My goals for the hunt are:
-a chance at a mature 6 point bull
-to hunt in beautiful country
-have an amazing adventure in the beautiful wild of a new part of the Rocky Mountains
-Im open to backpacking in to hunt or possibly renting horses or doing a pack in service (I dont own horses) . I do have 2 legs that I prefer to hunt with as well as an ATV.

I cant afford a guide and I would prefer the challenge of trying to get it done on my own. I would consider hunting the wilderness areas if there was an affordable option.

ALSO, I would be open to putting in for the Special draw in 2014 even though it is more money and I am also open to waiting for another point or two if it will make that big of a difference.

Anyway, just looking for some feedback for a guy with 3 points. Like I said, I am not interested in waiting for 10+ years to draw the best of the best tag. I want to hunt while I can and create memories.

Thanks guys!!!


----------



## goofy elk (Dec 16, 2007)

If you are a bow hunter, type 9 tags are an option with possiblitys..

If not, General is about it with 3 points.


----------



## Packout (Nov 20, 2007)

Sending a PM with a unit to look into that could work for you. You don't need more competition by throwing units out on the web. 

I know you said you aren't interested in the general areas, but I'd take a Gen WY tag over most draw tags in WY and any UT LTD tag I could ever draw. Can't believe it is already time to start gaming on where we will put in for this Fall's hunts.....


----------



## DallanC (Jan 13, 2009)

Packout said:


> Can't believe it is already time to start gaming on where we will put in for this Fall's hunts.....

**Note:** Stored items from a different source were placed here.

(* Let $\phi\cong\bigoplus_{i\in\mathcal I}\phi_i^{\oplus m_i}$ be a semisimple finite-dimensional complex representation of a compact Lie algebra $\mathfrak{g}$, with pairwise inequivalent irreducible $\phi_i$ and multiplicities $m_i$, and let $\mathfrak{h}$ be a Lie subalgebra of $\mathfrak{g}$. Write $\phi|_{\mathfrak{h}}\cong\bigoplus_{j\in\mathcal J}\psi_j^{\oplus n_j}$ and $\phi_i|_{\mathfrak{h}}\cong\bigoplus_{j\in\mathcal J}\psi_j^{\oplus n_{ji}}$ with pairwise inequivalent irreducible representations $\psi_j$ of $\mathfrak{h}$, so that $n_j=\sum_i n_{ji}m_i$. Then: (a) $\|\phi_i|_{\mathfrak{h}}\|_1=1$ for all $i$ with $m_i\ne0$ if and only if $\|\phi|_{\mathfrak{h}}\|_1=\|\phi\|_1$; (b) $\|\phi|_{\mathfrak{h}}\|_2=\|\phi\|_2$ implies $\|\phi|_{\mathfrak{h}}\|_1=\|\phi\|_1$; (c) $\|\phi|_{\mathfrak{h}}\|_2=\|\phi\|_2$ holds if and only if $\|\phi|_{\mathfrak{h}}\|_1=\|\phi\|_1$ and $\phi_i|_{\mathfrak{h}}\not\cong\phi_k|_{\mathfrak{h}}$ for all $i\ne k$ with $m_i\ne0$ and $m_k\ne0$.
   Context: For a semisimple representation $\psi\cong\bigoplus_i\psi_i^{\oplus m_i}$ (pairwise inequivalent irreducible $\psi_i$), $\|\psi\|_1=\sum_i m_i$ and $\|\psi\|_2=\sum_i m_i^2$. Restrictions of semisimple representations of compact Lie algebras to subalgebras are semisimple. *)

theory Defs
  imports Complex_Main "HOL-Analysis.Analysis" "Jordan_Normal_Form.Matrix"
begin

definition lie_algebra :: "('g::euclidean_space \<Rightarrow> 'g \<Rightarrow> 'g) \<Rightarrow> bool" where
  "lie_algebra br \<longleftrightarrow>
     (\<forall>x y z. br (x + y) z = br x z + br y z) \<and>
     (\<forall>(a::real) x y. br (a *\<^sub>R x) y = a *\<^sub>R br x y) \<and>
     (\<forall>x. br x x = 0) \<and>
     (\<forall>x y z. br x (br y z) + br y (br z x) + br z (br x y) = 0)"

text \<open>Compact Lie algebra: admits an ad-invariant inner product.\<close>
definition compact_lie_algebra :: "('g::euclidean_space \<Rightarrow> 'g \<Rightarrow> 'g) \<Rightarrow> bool" where
  "compact_lie_algebra br \<longleftrightarrow> lie_algebra br \<and>
     (\<exists>B :: 'g \<Rightarrow> 'g \<Rightarrow> real.
        (\<forall>x y z. B (x + y) z = B x z + B y z) \<and>
        (\<forall>a x y. B (a *\<^sub>R x) y = a * B x y) \<and>
        (\<forall>x y. B x y = B y x) \<and>
        (\<forall>x. x \<noteq> 0 \<longrightarrow> B x x > 0) \<and>
        (\<forall>x y z. B (br x y) z + B y (br x z) = 0))"

definition lie_subalgebra :: "('g::euclidean_space \<Rightarrow> 'g \<Rightarrow> 'g) \<Rightarrow> 'g set \<Rightarrow> bool" where
  "lie_subalgebra br H \<longleftrightarrow> 0 \<in> H \<and>
     (\<forall>x\<in>H. \<forall>y\<in>H. x + y \<in> H) \<and>
     (\<forall>(a::real). \<forall>x\<in>H. a *\<^sub>R x \<in> H) \<and>
     (\<forall>x\<in>H. \<forall>y\<in>H. br x y \<in> H)"

text \<open>Representations of a subalgebra
  are only looked at on S; restriction to H is the same pair viewed on H.\<close>
type_synonym 'g rep = "nat \<times> ('g \<Rightarrow> complex mat)"

definition is_rep :: "('g::euclidean_space \<Rightarrow> 'g \<Rightarrow> 'g) \<Rightarrow> 'g set \<Rightarrow> 'g rep \<Rightarrow> bool" where
  "is_rep br S r \<longleftrightarrow> (case r of (d, \<rho>) \<Rightarrow>
     (\<forall>x\<in>S. \<rho> x \<in> carrier_mat d d) \<and>
     (\<forall>x\<in>S. \<forall>y\<in>S. \<rho> (x + y) = \<rho> x + \<rho> y) \<and>
     (\<forall>(a::real). \<forall>x\<in>S. \<rho> (a *\<^sub>R x) = complex_of_real a \<cdot>\<^sub>m \<rho> x) \<and>
     (\<forall>x\<in>S. \<forall>y\<in>S. \<rho> (br x y) = \<rho> x * \<rho> y - \<rho> y * \<rho> x))"

definition is_subspace :: "nat \<Rightarrow> complex vec set \<Rightarrow> bool" where
  "is_subspace d W \<longleftrightarrow> W \<subseteq> carrier_vec d \<and> 0\<^sub>v d \<in> W \<and>
     (\<forall>v\<in>W. \<forall>w\<in>W. v + w \<in> W) \<and> (\<forall>c. \<forall>v\<in>W. c \<cdot>\<^sub>v v \<in> W)"

definition irreducible_rep :: "('g::euclidean_space \<Rightarrow> 'g \<Rightarrow> 'g) \<Rightarrow> 'g set \<Rightarrow> 'g rep \<Rightarrow> bool" where
  "irreducible_rep br S r \<longleftrightarrow> is_rep br S r \<and> (case r of (d, \<rho>) \<Rightarrow>
     d > 0 \<and>
     (\<forall>W. is_subspace d W \<and> (\<forall>x\<in>S. \<forall>v\<in>W. \<rho> x *\<^sub>v v \<in> W) \<longrightarrow>
          W = {0\<^sub>v d} \<or> W = carrier_vec d))"

definition rep_equiv :: "('g::euclidean_space \<Rightarrow> 'g \<Rightarrow> 'g) \<Rightarrow> 'g set \<Rightarrow> 'g rep \<Rightarrow> 'g rep \<Rightarrow> bool" where
  "rep_equiv br S r s \<longleftrightarrow> is_rep br S r \<and> is_rep br S s \<and>
     (case r of (d, \<rho>) \<Rightarrow> case s of (e, \<sigma>) \<Rightarrow>
       d = e \<and> (\<exists>T \<in> carrier_mat d d. invertible_mat T \<and> (\<forall>x\<in>S. T * \<rho> x = \<sigma> x * T)))"

definition dsum2 :: "'g rep \<Rightarrow> 'g rep \<Rightarrow> 'g rep" where
  "dsum2 r s = (case r of (d1, \<rho>1) \<Rightarrow> case s of (d2, \<rho>2) \<Rightarrow>
     (d1 + d2, \<lambda>x. four_block_mat (\<rho>1 x) (0\<^sub>m d1 d2) (0\<^sub>m d2 d1) (\<rho>2 x)))"

definition dsum_list :: "'g rep list \<Rightarrow> 'g rep" where
  "dsum_list rs = foldr dsum2 rs (0, \<lambda>x. 0\<^sub>m 0 0)"

definition multi_sum :: "(nat \<Rightarrow> 'g rep) \<Rightarrow> (nat \<Rightarrow> nat) \<Rightarrow> nat \<Rightarrow> 'g rep" where
  "multi_sum \<phi>s m p = dsum_list (concat (map (\<lambda>i. replicate (m i) (\<phi>s i)) [0..<p]))"

end

theory Submission
  imports Defs "Jordan_Normal_Form.Determinant"
begin

text \<open>
  Direct sums are compatible with equivalence, so restricting \<open>\<phi> \<cong> \<Oplus>\<^sub>i m\<^sub>i \<phi>\<^sub>i\<close>
  to \<open>H\<close> yields the \<open>\<psi>\<^sub>j\<close> with multiplicities \<open>\<Sum>\<^sub>i n\<^sub>j\<^sub>i m\<^sub>i\<close>.
  Multiplicities of pairwise inequivalent irreducibles are unique, because an irreducible summand
  \<open>\<rho>\<close> of \<open>\<rho> \<oplus> \<xi> \<cong> \<rho> \<oplus> \<eta>\<close> cancels: by Schur's lemma the \<open>\<rho>\<rho>\<close>-block of the
  equivalence is invertible or zero, and after a unipotent correction in the second case its
  Schur complement is an equivalence \<open>\<xi> \<cong> \<eta>\<close>. Hence \<open>n\<^sub>j = \<Sum>\<^sub>i n\<^sub>j\<^sub>i m\<^sub>i\<close>, and
  \<open>\<phi>\<^sub>i|\<^sub>H \<cong> \<phi>\<^sub>k|\<^sub>H\<close> iff the columns \<open>i\<close> and \<open>k\<close> of \<open>(n\<^sub>j\<^sub>i)\<close> agree.

  Every column sum \<open>c\<^sub>i\<close> is positive since \<open>\<phi>\<^sub>i \<noteq> 0\<close>, so
  \<open>\<Sum>\<^sub>j n\<^sub>j = \<Sum>\<^sub>i c\<^sub>i m\<^sub>i \<ge> \<Sum>\<^sub>i m\<^sub>i\<close> with equality iff \<open>c\<^sub>i = 1\<close> whenever \<open>m\<^sub>i \<noteq> 0\<close>;
  and \<open>\<Sum>\<^sub>j n\<^sub>j\<^sup>2 = \<Sum>\<^sub>i\<^sub>,\<^sub>k m\<^sub>i m\<^sub>k G\<^sub>i\<^sub>k\<close> with the Gram matrix \<open>G\<^sub>i\<^sub>k = \<Sum>\<^sub>j n\<^sub>j\<^sub>i n\<^sub>j\<^sub>k\<close>
  dominates \<open>\<Sum>\<^sub>i m\<^sub>i\<^sup>2\<close> termwise, with equality iff the columns with \<open>m\<^sub>i \<noteq> 0\<close>
  are pairwise distinct unit vectors.
\<close>

section \<open>Block matrices\<close>

lemma invertible_mat_iff_inverse:
  assumes T: "T \<in> carrier_mat n n"
  shows "invertible_mat T \<longleftrightarrow> (\<exists>B\<in>carrier_mat n n. T * B = 1\<^sub>m n \<and> B * T = 1\<^sub>m n)"
proof
  assume "invertible_mat T"
  then obtain B where 1: "T * B = 1\<^sub>m n" and 2: "B * T = 1\<^sub>m (dim_row B)"
    unfolding invertible_mat_def inverts_mat_def using T by auto
  have "dim_row B = n" using arg_cong[OF 2, of dim_col] T by auto
  moreover have "dim_col B = n" using arg_cong[OF 1, of dim_col] T by auto
  ultimately show "\<exists>B\<in>carrier_mat n n. T * B = 1\<^sub>m n \<and> B * T = 1\<^sub>m n" using 1 2 by auto
next
  assume "\<exists>B\<in>carrier_mat n n. T * B = 1\<^sub>m n \<and> B * T = 1\<^sub>m n"
  then show "invertible_mat T" using T unfolding invertible_mat_def inverts_mat_def
    by (metis carrier_matD(1) carrier_matD(2) square_mat.simps)
qed

lemma mat_eq_zero_if_mult_vec_zero:
  fixes A :: "complex mat"
  assumes A: "A \<in> carrier_mat e d" and k: "\<forall>v\<in>carrier_vec d. A *\<^sub>v v = 0\<^sub>v e"
  shows "A = 0\<^sub>m e d"
proof (rule eq_matI)
  fix i j assume i: "i < dim_row (0\<^sub>m e d :: complex mat)" and j: "j < dim_col (0\<^sub>m e d :: complex mat)"
  have "(A *\<^sub>v unit_vec d j) $ i = 0" using k i by auto
  moreover have "(A *\<^sub>v unit_vec d j) $ i = A $$ (i,j)" using A i j by auto
  ultimately show "A $$ (i,j) = 0\<^sub>m e d $$ (i,j)" using i j by auto
qed (insert A, auto)

lemma inj_square_mat_invertible:
  fixes A :: "complex mat"
  assumes A: "A \<in> carrier_mat d d" and inj: "\<forall>v\<in>carrier_vec d. A *\<^sub>v v = 0\<^sub>v d \<longrightarrow> v = 0\<^sub>v d"
  shows "\<exists>B\<in>carrier_mat d d. A * B = 1\<^sub>m d \<and> B * A = 1\<^sub>m d"
proof -
  have "det A \<noteq> 0" using det_0_iff_vec_prod_zero_field[OF A] inj by auto
  from det_non_zero_imp_unit[OF A this, of "()"]
  show ?thesis unfolding Units_def ring_mat_def by auto
qed

lemma inj_mat_dim_le:
  fixes A :: "complex mat"
  assumes A: "A \<in> carrier_mat e d" and inj: "\<forall>v\<in>carrier_vec d. A *\<^sub>v v = 0\<^sub>v e \<longrightarrow> v = 0\<^sub>v d"
  shows "d \<le> e"
proof (rule ccontr)
  assume "\<not> d \<le> e"
  hence ed: "e < d" by auto
  \<comment> \<open>Padding \<open>A\<close> with zero rows gives an injective, hence invertible, square matrix with a zero row.\<close>
  define A' where "A' = mat d d (\<lambda>(i,j). if i < e then A $$ (i,j) else (0::complex))"
  have A': "A' \<in> carrier_mat d d" unfolding A'_def by auto
  have ent: "(A' *\<^sub>v v) $ i = (if i < e then (A *\<^sub>v v) $ i else 0)" if "i < d" "v \<in> carrier_vec d" for i v
  proof -
    have r: "row A' i = (if i < e then row A i else 0\<^sub>v d)" using that A unfolding A'_def by (auto intro!: eq_vecI)
    show ?thesis using that A A' r by auto
  qed
  have "\<forall>v\<in>carrier_vec d. A' *\<^sub>v v = 0\<^sub>v d \<longrightarrow> v = 0\<^sub>v d"
  proof (intro ballI impI)
    fix v :: "complex vec" assume v: "v \<in> carrier_vec d" and z: "A' *\<^sub>v v = 0\<^sub>v d"
    have "A *\<^sub>v v = 0\<^sub>v e"
    proof (rule eq_vecI)
      fix i assume i: "i < dim_vec (0\<^sub>v e :: complex vec)"
      have "(A' *\<^sub>v v) $ i = 0" using z i ed by auto
      then show "(A *\<^sub>v v) $ i = 0\<^sub>v e $ i" using ent[of i v] i ed v by auto
    qed (insert A, auto)
    then show "v = 0\<^sub>v d" using inj v by auto
  qed
  from inj_square_mat_invertible[OF A' this] obtain B where B: "B \<in> carrier_mat d d" and AB: "A' * B = 1\<^sub>m d" by auto
  have "(A' * B) $$ (d - 1, d - 1) = 1" using AB ed by auto
  moreover have "(A' * B) $$ (d - 1, d - 1) = 0"
  proof -
    have r: "row A' (d - 1) = 0\<^sub>v d" using ed unfolding A'_def by (auto intro!: eq_vecI)
    show ?thesis using A' B ed r by auto
  qed
  ultimately show False by simp
qed

lemma surj_mat_dim_le:
  fixes A :: "complex mat"
  assumes A: "A \<in> carrier_mat e d" and surj: "\<forall>w\<in>carrier_vec e. \<exists>v\<in>carrier_vec d. A *\<^sub>v v = w"
  shows "e \<le> d"
proof -
  \<comment> \<open>A right inverse built from preimages of the unit vectors is injective.\<close>
  define pre where "pre j = (SOME v. v \<in> carrier_vec d \<and> A *\<^sub>v v = unit_vec e j)" for j
  have pre: "pre j \<in> carrier_vec d \<and> A *\<^sub>v pre j = unit_vec e j" if "j < e" for j
    unfolding pre_def by (rule someI_ex, insert surj that, auto)
  define M where "M = mat d e (\<lambda>(i,j). pre j $ i)"
  have M: "M \<in> carrier_mat d e" unfolding M_def by auto
  have colM: "col M j = pre j" if "j < e" for j
    using pre[OF that] that unfolding M_def by auto
  have AM: "A * M = 1\<^sub>m e"
  proof (rule eq_matI)
    fix i j assume i: "i < dim_row (1\<^sub>m e :: complex mat)" and j: "j < dim_col (1\<^sub>m e :: complex mat)"
    have "(A * M) $$ (i,j) = row A i \<bullet> col M j" using A M i j by auto
    also have "\<dots> = row A i \<bullet> pre j" using colM j by auto
    also have "\<dots> = (A *\<^sub>v pre j) $ i" using A i by auto
    also have "\<dots> = unit_vec e j $ i" using pre j by auto
    finally show "(A * M) $$ (i,j) = 1\<^sub>m e $$ (i,j)" using i j by auto
  qed (insert A M, auto)
  have "\<forall>u\<in>carrier_vec e. M *\<^sub>v u = 0\<^sub>v d \<longrightarrow> u = 0\<^sub>v e"
  proof (intro ballI impI)
    fix u :: "complex vec" assume u: "u \<in> carrier_vec e" and z: "M *\<^sub>v u = 0\<^sub>v d"
    have "u = (A * M) *\<^sub>v u" using AM u by auto
    also have "\<dots> = A *\<^sub>v (M *\<^sub>v u)" using A M u by auto
    also have "\<dots> = 0\<^sub>v e" using z A by auto
    finally show "u = 0\<^sub>v e" .
  qed
  from inj_mat_dim_le[OF M this] show ?thesis .
qed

I have the same amount of moose points as goofy... I'm just watching his posts and will put in where he does. Sounds like South Slope currently is the unit to put in for :mrgreen:

-DallanC


----------



## wyogoob (Sep 7, 2007)

Packout said:


> Sending a PM with a unit to look into that could work for you. You don't need more competition by throwing units out on the web.
> 
> I know you said you aren't interested in the general areas, but I'd take a Gen WY tag over most draw tags in WY and any UT LTD tag I could ever draw. Can't believe it is already time to start gaming on where we will put in for this Fall's hunts.....


Yep

General tag


----------



## goofy elk (Dec 16, 2007)

DallanC said:


> I have the same amount of moose points as goofy... I'm just watching his posts and will put in where he does. Sounds like South Slope currently is the unit to put in for :mrgreen:
> 
> -DallanC


Warning, thread highjack....
Dallan, I've made a couple trips up into the S slope/Kamas areas in the 
last few weeks, looked in the Weber/Provo river drainages, over hwy 35,
and gathered a TON of info from every late season elk hunter I've seen...
LOOKS VERY DISMAL FOR MOOSE !!!! I'm getting VERY discouraged .....

With 18 points, I've been looking into leaser units because the N slope
or Cache or the Wasatch is still YEARS out WITH 18 POINTS !!!!
The moose number contiue to shrink---- I'm about to give up on moose.

To the origanal poster:
Yes the general elk in Wyoming is a whole different world than Utah,
Much better! --- Just remember wilderness aress are off limits to
NR hunters without a outfitter/guide...... Thats the only draw back.


----------